И вот миг настал. Дверь кабинета открывается, старушка с блефаритом переступает порог, оборачивается, чтобы пожать доктору руку, и направляется к стойке оплачивать предоставленные услуги (120 000 лир). За ней, чтобы пригласить очередного пациента, выглядывает и сам Каррера. Тщедушный человечек поднимается, делает несколько шагов вперёд, Каррера пожимает ему руку и просит располагаться. Старинный проигрыватель Thorens, который сейчас выглядит анахронизмом, – хотя в своё время, то есть четверть века назад, был одним из лучших – стоящий на полке вместе с верным усилителем Marantz и двумя колонками AR6 красного дерева, едва слышно воспроизводит диск Грэма Нэша под названием Songs for Beginners (1971), чей загадочный конверт, лежащий на вышеупомянутой полке и изображающий вышеупомянутого Грэма Нэша с фотоаппаратом в руке в контексте, с трудом поддающемся расшифровке, оказывается самой заметной вещью во всей комнате. Дверь закрывается. Мы здесь. Преграда, которая отделяла доктора Карреру от самого сильного эмоционального потрясения в жизни, наполненной множеством сильных эмоциональных потрясений, рухнула.
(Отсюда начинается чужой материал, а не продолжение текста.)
lemma kernel_proj_in_kernel: "Y (kernel_proj Y K x) = 0"
proof -
  define z where "z = kernel_proj Y K x"
  have "(nrm (kernel_step Y K z))^2 \<le> (nrm z)^2 - (nrm (Y z))^2 / (K^2 + 1)"
    "(nrm z)^2 \<le> (nrm (kernel_step Y K z))^2 - (nrm (Y (kernel_step Y K z)))^2 / (K^2 + 1)"
    using nrm_kernel_step[of z] nrm_kernel_step[of "kernel_step Y K z"]
    by (simp_all add: kernel_step_fixed_point z_def)
  moreover have "K^2 + 1 > 0" by (simp add: add_nonneg_pos)
  then have "(nrm (Y (kernel_step Y K z)))^2 / (K^2 + 1) \<ge> 0" by simp
  ultimately have "(nrm (Y z))^2 / (K^2 + 1) \<le> 0" by linarith
  with \<open>K^2 + 1 > 0\<close> have "(nrm (Y z))^2 \<le> 0" by (simp add: divide_le_0_iff)
  then show ?thesis by (simp add: z_def)
qed

lemma kernel_proj_fixes_kernel: assumes "Y z = 0" shows "kernel_proj Y K z = z"
proof -
  have "(kernel_step Y K ^^ k) z = z" for k
    by (induction k) (simp_all add: kernel_step_def assms additive_op_zero[OF additive])
  then show ?thesis unfolding kernel_proj_def
    by (intro strong_lim_eqI kernel_step_strongly_convergent) (simp add: htendsto_const)
qed

lemma kernel_proj_idem: "kernel_proj Y K (kernel_proj Y K x) = kernel_proj Y K x"
  by (rule kernel_proj_fixes_kernel[OF kernel_proj_in_kernel])

lemma annihilator_kernel_proj:
  assumes "additive_op T" "bounded_by T K'" "\<And>x. T (Y x) = 0" "complex_hom Y"
  shows "T (kernel_proj Y K x) = T x"
proof -
  have "T (kernel_step Y K x) = T x" for x
  proof -
    have "kernel_step Y K x = x - Y (sc (of_real (1 / (K^2 + 1))) (Y x))"
      unfolding kernel_step_def by (simp only: assms(4)[unfolded complex_hom_def, rule_format])
    then show ?thesis by (simp add: assms(3) additive_op_diff[OF assms(1)])
  qed
  then have "T ((kernel_step Y K ^^ k) x) = T x" for k
    by (induction k) simp_all
  then have "htendsto (\<lambda>n. T ((kernel_step Y K ^^ (2 * n)) x)) (T x)" by (simp add: htendsto_const)
  moreover have "htendsto (\<lambda>n. T ((kernel_step Y K ^^ (2 * n)) x)) (T (kernel_proj Y K x))"
    unfolding kernel_proj_def
    by (intro htendsto_bounded_op[OF assms(1,2)] htendsto_strong_lim kernel_step_strongly_convergent)
  ultimately show ?thesis by (simp add: htendsto_unique)
qed

end

end

section \<open>The square root of a unitary operator\<close>

context chilbert
begin

lemma sc_half_double: "sc (1/2) x + sc (1/2) x = x"
  using sc_add_left[of "1/2" "1/2" x, symmetric] by (simp add: sc_one)

lemma add_sc_half_diff: "x + sc (1/2) (v - x) = sc (1/2) (x + v)"
proof -
  have "x + sc (1/2) (v - x) = (sc (1/2) x + sc (1/2) x) + (sc (1/2) v - sc (1/2) x)"
    by (simp only: sc_half_double sc_diff_right)
  also have "\<dots> = sc (1/2) (x + v)" by (simp add: sc_add_right)
  finally show ?thesis .
qed

lemma sc_ii: "sc \<i> (sc \<i> x) = - x"
  by (simp add: sc_assoc sc_minus_left sc_one)

lemma sc_two: "sc 2 x = x + x"
  using sc_add_left[of 1 1 x] by (simp add: sc_one)

lemma real_hom_sc: "real_hom B \<Longrightarrow> B (sc (of_real r) x) = sc (of_real r) (B x)"
  unfolding real_hom_def by blast

lemma real_hom_half: "real_hom B \<Longrightarrow> B (sc (1/2) x) = sc (1/2) (B x)"
  using real_hom_sc[of B "1/2" x] by simp

lemma real_hom_two: "real_hom B \<Longrightarrow> B (sc 2 x) = sc 2 (B x)"
  using real_hom_sc[of B 2 x] by simp

lemma commute_sym: "commute B T \<Longrightarrow> commute T B"
  by (simp add: commute_def)

lemma commute_refl: "commute B B"
  by (simp add: commute_def)

lemma real_bounded_opI: "additive_op B \<Longrightarrow> real_hom B \<Longrightarrow> bounded_by B K \<Longrightarrow> real_bounded_op B"
  unfolding real_bounded_op_def by blast

lemma unitary_op_real_bounded: "unitary_op sc ip B \<Longrightarrow> real_bounded_op B"
  unfolding unitary_op_def
  by (intro real_bounded_opI[where K=1]) (simp_all add: additive_op_def real_hom_def bounded_by_def hnorm_def)

lemma antiunitary_op_real_bounded: "antiunitary_op sc ip B \<Longrightarrow> real_bounded_op B"
  unfolding antiunitary_op_def
  by (intro real_bounded_opI[where K=1]) (simp_all add: additive_op_def real_hom_def bounded_by_def hnorm_def)

end

locale unitary_sqrt = chilbert sc ip
  for sc :: "complex \<Rightarrow> 'h::ab_group_add \<Rightarrow> 'h" and ip +
  fixes A :: "'h \<Rightarrow> 'h"
  assumes unitary: "unitary_op sc ip A"
begin

definition Ainv :: "'h \<Rightarrow> 'h" where
  "Ainv = inv_into UNIV A"

lemma A_additive: "A (x + y) = A x + A y"
  and A_sc: "A (sc a x) = sc a (A x)"
  and ip_A: "ip (A x) (A y) = ip x y"
  using unitary unfolding unitary_op_def by auto

lemma A_Ainv: "A (Ainv x) = x" and Ainv_A: "Ainv (A x) = x"
  using unitary unfolding unitary_op_def Ainv_def
  by (simp_all add: bij_is_surj bij_is_inj surj_f_inv_f inv_into_f_f)

lemma Ainv_eqI: "A y = x \<Longrightarrow> Ainv x = y"
  using Ainv_A by blast

lemma Ainv_additive: "Ainv (x + y) = Ainv x + Ainv y"
  by (rule Ainv_eqI) (simp add: A_additive A_Ainv)

lemma Ainv_sc: "Ainv (sc a x) = sc a (Ainv x)"
  by (rule Ainv_eqI) (simp add: A_sc A_Ainv)

lemma ip_A_left: "ip (A x) y = ip x (Ainv y)"
  using ip_A[of x "Ainv y"] by (simp add: A_Ainv)

lemma ip_Ainv_left: "ip (Ainv x) y = ip x (A y)"
  using ip_A[of "Ainv x" y] by (simp add: A_Ainv)

lemma nrm_A: "nrm (A x) = nrm x" and nrm_Ainv: "nrm (Ainv x) = nrm x"
  by (simp_all add: hnorm_def ip_A_left ip_Ainv_left A_Ainv Ainv_A)

lemma A_additive_op: "additive_op A" and Ainv_additive_op: "additive_op Ainv"
  and A_complex_hom: "complex_hom A" and Ainv_complex_hom: "complex_hom Ainv"
  by (simp_all add: additive_op_def complex_hom_def A_additive Ainv_additive A_sc Ainv_sc)

lemma commute_A_Ainv: "commute A Ainv"
  by (simp add: commute_def A_Ainv Ainv_eqI)

lemma commute_Ainv: "commute B A \<Longrightarrow> commute B Ainv"
  unfolding commute_def by (metis A_Ainv Ainv_eqI)

definition cos_op :: "'h \<Rightarrow> 'h" where
  "cos_op x = sc (1/2) (A x + Ainv x)"

definition sin_op :: "'h \<Rightarrow> 'h" where
  "sin_op x = sc (- \<i>/2) (A x - Ainv x)"

lemma cos_op_additive: "additive_op cos_op"
  unfolding additive_op_def cos_op_def by (simp add: A_additive Ainv_additive sc_add_right algebra_simps)

lemma sin_op_additive: "additive_op sin_op"
  unfolding additive_op_def sin_op_def
  by (simp add: A_additive Ainv_additive sc_add_right sc_diff_right algebra_simps)

lemma cos_op_complex_hom: "complex_hom cos_op"
  unfolding complex_hom_def cos_op_def by (simp add: A_sc Ainv_sc sc_add_right sc_assoc mult.commute)

lemma sin_op_complex_hom: "complex_hom sin_op"
  unfolding complex_hom_def sin_op_def by (simp add: A_sc Ainv_sc sc_diff_right sc_assoc mult.commute)

lemma cos_op_self_adjoint: "self_adjoint cos_op"
  unfolding self_adjoint_def cos_op_def
  by (simp add: ip_sc_left ip_sc_right ip_add_left ip_add_right ip_A_left ip_Ainv_left add.commute)

lemma sin_op_self_adjoint: "self_adjoint sin_op"
  unfolding self_adjoint_def sin_op_def
  by (simp add: ip_sc_left ip_sc_right ip_diff_left ip_diff_right ip_A_left ip_Ainv_left algebra_simps)

lemma cos_op_contraction: "bounded_by cos_op 1"
  unfolding bounded_by_def
proof
  fix x
  have "nrm (cos_op x) = 1/2 * nrm (A x + Ainv x)" by (simp add: cos_op_def nrm_sc)
  also have "\<dots> \<le> 1/2 * (nrm (A x) + nrm (Ainv x))" using nrm_triangle by simp
  finally show "nrm (cos_op x) \<le> 1 * nrm x" by (simp add: nrm_A nrm_Ainv)
qed

lemma sin_op_contraction: "bounded_by sin_op 1"
  unfolding bounded_by_def
proof
  fix x
  have "nrm (sin_op x) = 1/2 * nrm (A x - Ainv x)" by (simp add: sin_op_def nrm_sc norm_divide)
  also have "\<dots> \<le> 1/2 * (nrm (A x) + nrm (Ainv x))" using nrm_diff_triangle by simp
  finally show "nrm (sin_op x) \<le> 1 * nrm x" by (simp add: nrm_A nrm_Ainv)
qed

lemma cos_op_real_bounded: "real_bounded_op cos_op"
  by (rule real_bounded_opI[OF cos_op_additive complex_hom_real_hom[OF cos_op_complex_hom] cos_op_contraction])

lemma sin_op_real_bounded: "real_bounded_op sin_op"
  by (rule real_bounded_opI[OF sin_op_additive complex_hom_real_hom[OF sin_op_complex_hom] sin_op_contraction])

lemma i_sin_op: "sc \<i> (sin_op x) = sc (1/2) (A x - Ainv x)"
  by (simp add: sin_op_def sc_assoc)

lemma A_cos_sin: "A x = cos_op x + sc \<i> (sin_op x)"
proof -
  have "cos_op x + sc \<i> (sin_op x) = sc (1/2) ((A x + Ainv x) + (A x - Ainv x))"
    unfolding cos_op_def i_sin_op by (rule sc_add_right[symmetric])
  also have "(A x + Ainv x) + (A x - Ainv x) = A x + A x" by simp
  finally show ?thesis by (simp add: sc_add_right sc_half_double)
qed

lemma Ainv_cos_sin: "Ainv x = cos_op x - sc \<i> (sin_op x)"
proof -
  have "cos_op x - sc \<i> (sin_op x) = sc (1/2) ((A x + Ainv x) - (A x - Ainv x))"
    unfolding cos_op_def i_sin_op by (rule sc_diff_right[symmetric])
  also have "(A x + Ainv x) - (A x - Ainv x) = Ainv x + Ainv x" by simp
  finally show ?thesis by (simp add: sc_add_right sc_half_double)
qed

lemma commute_cos_sin_op:
  assumes "additive_op B" "complex_hom B" "commute B A"
  shows "commute B cos_op" "commute B sin_op"
proof -
  have Ba: "B (x + y) = B x + B y" and Bd: "B (x - y) = B x - B y"
    and Bs: "B (sc a x) = sc a (B x)" for x y a
    using assms(1,2) additive_op_diff[OF assms(1)] by (auto simp: additive_op_def complex_hom_def)
  have BA: "B (A x) = A (B x)" "B (Ainv x) = Ainv (B x)" for x
    using assms(3) commute_Ainv[OF assms(3)] by (auto simp: commute_def)
  show "commute B cos_op" "commute B sin_op"
    unfolding commute_def cos_op_def sin_op_def by (simp_all add: Ba Bd Bs BA)
qed

lemma conj_commute_cos_sin_op:
  assumes "additive_op J" "conj_hom J" "\<And>x. J (A x) = Ainv (J x)"
  shows "commute J cos_op" "commute J sin_op"
proof -
  have JAinv: "J (Ainv x) = A (J x)" for x
  proof -
    have "Ainv (J (Ainv x)) = J x" using assms(3)[of "Ainv x"] by (simp add: A_Ainv)
    then have "A (Ainv (J (Ainv x))) = A (J x)" by simp
    then show ?thesis by (simp add: A_Ainv)
  qed
  have Ja: "J (x + y) = J x + J y" and Jd: "J (x - y) = J x - J y"
    and Js: "J (sc a x) = sc (cnj a) (J x)" for x y a
    using assms(1,2) additive_op_diff[OF assms(1)] by (auto simp: additive_op_def conj_hom_def)
  show "commute J cos_op" unfolding commute_def cos_op_def by (simp add: Js Ja assms(3) JAinv add.commute)
  show "commute J sin_op" unfolding commute_def
  proof
    fix x
    have "J (sin_op x) = sc (\<i>/2) (Ainv (J x) - A (J x))" by (simp add: sin_op_def Js Jd assms(3) JAinv)
    also have "\<dots> = sc (- \<i>/2) (A (J x) - Ainv (J x))"
      by (metis minus_diff_eq minus_divide_left sc_minus_left sc_minus_right)
    finally show "J (sin_op x) = sin_op (J x)" by (simp add: sin_op_def)
  qed
qed
lemma not_win_if_replies:
  assumes "finite T" "\<forall>x\<in>T. le x x"
    and "\<And>z. z \<in> T \<Longrightarrow> \<exists>z'\<in>move le T z. \<not> win le (move le (move le T z) z')"
  shows "\<not> win le T"
proof -
  have "win le (move le T z)" if "z \<in> T" for z
  proof -
    have "finite (move le T z)"
      by (rule finite_subset[OF move_subset assms(1)])
    moreover have "\<forall>x\<in>move le T z. le x x"
      using assms(2) by (simp add: move_def)
    ultimately show ?thesis using assms(3)[OF that] by (simp add: win_iff)
  qed
  then show ?thesis by (simp add: win_iff[of T le, OF assms(1,2)])
qed

lemma grundy_move_neq:
  assumes "finite T" "\<forall>x\<in>T. le x x" "z \<in> T"
  shows "grundy le (move le T z) \<noteq> grundy le T"
proof -
  have "grundy le (move le T z) \<in> (\<lambda>x. grundy le (move le T x)) ` T" using assms(3) by blast
  then show ?thesis using grundy_eq[of T le, OF assms(1,2)] mex_notin assms(1) by (metis finite_imageI)
qed

lemma move_par_union_Inl:
  "move (sum_le le1 le2) (par_union Q R) (Inl x) = par_union (move le1 Q x) R"
  unfolding move_def par_union_def by auto

lemma move_par_union_Inr:
  "move (sum_le le1 le2) (par_union Q R) (Inr x) = par_union Q (move le2 R x)"
  unfolding move_def par_union_def by auto

lemma finite_par_union: "finite Q \<Longrightarrow> finite R \<Longrightarrow> finite (par_union Q R)"
  unfolding par_union_def by blast

lemma sum_le_refl_on_par_union:
  "\<forall>x\<in>Q. le1 x x \<Longrightarrow> \<forall>y\<in>R. le2 y y \<Longrightarrow> \<forall>z\<in>par_union Q R. sum_le le1 le2 z z"
  unfolding par_union_def by auto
Помолимся же за него и за всех, кто в море.
– Добрый день. Меня зовут Даниэле Каррадори.
– Марко Каррера, добрый день.
– Вам не знакомо моё имя?
– А должно бы?
– Должно бы.
– Не повторите ещё разок?
– Даниэле Каррадори.
– А психоаналитика моей жены разве не так зовут?
– В точности так.
– Ой... Простите, никак не думал Вас встретить... Располагайтесь, пожалуйста. Чем могу помочь?
– Выслушайте меня, доктор Каррера. А после того, как я расскажу всё, что должен рассказать, по возможности удержитесь от подачи жалобы в Медицинскую ассоциацию или, того хуже, в Итальянское психоаналитическое общество, что, будучи коллегой, с лёгкостью могли бы сделать.
– Жалобы? Да с какой стати?
– Видите ли, то, что я собираюсь сделать, строжайше запрещено, а в моей профессии ещё и наказуемо. Я представить себе не мог, что дойду до такого, даже в мыслях не имел, но... у меня есть основания полагать, что Вы в серьёзной опасности, а я – единственный в мире человек, который об этом знает. Вот потому-то я и решил Вам сообщить, пусть даже вопреки одному из главных правил моей профессии.
– Чёрт... Ну, рассказывайте.
– Сперва я должен попросить Вас об одной услуге.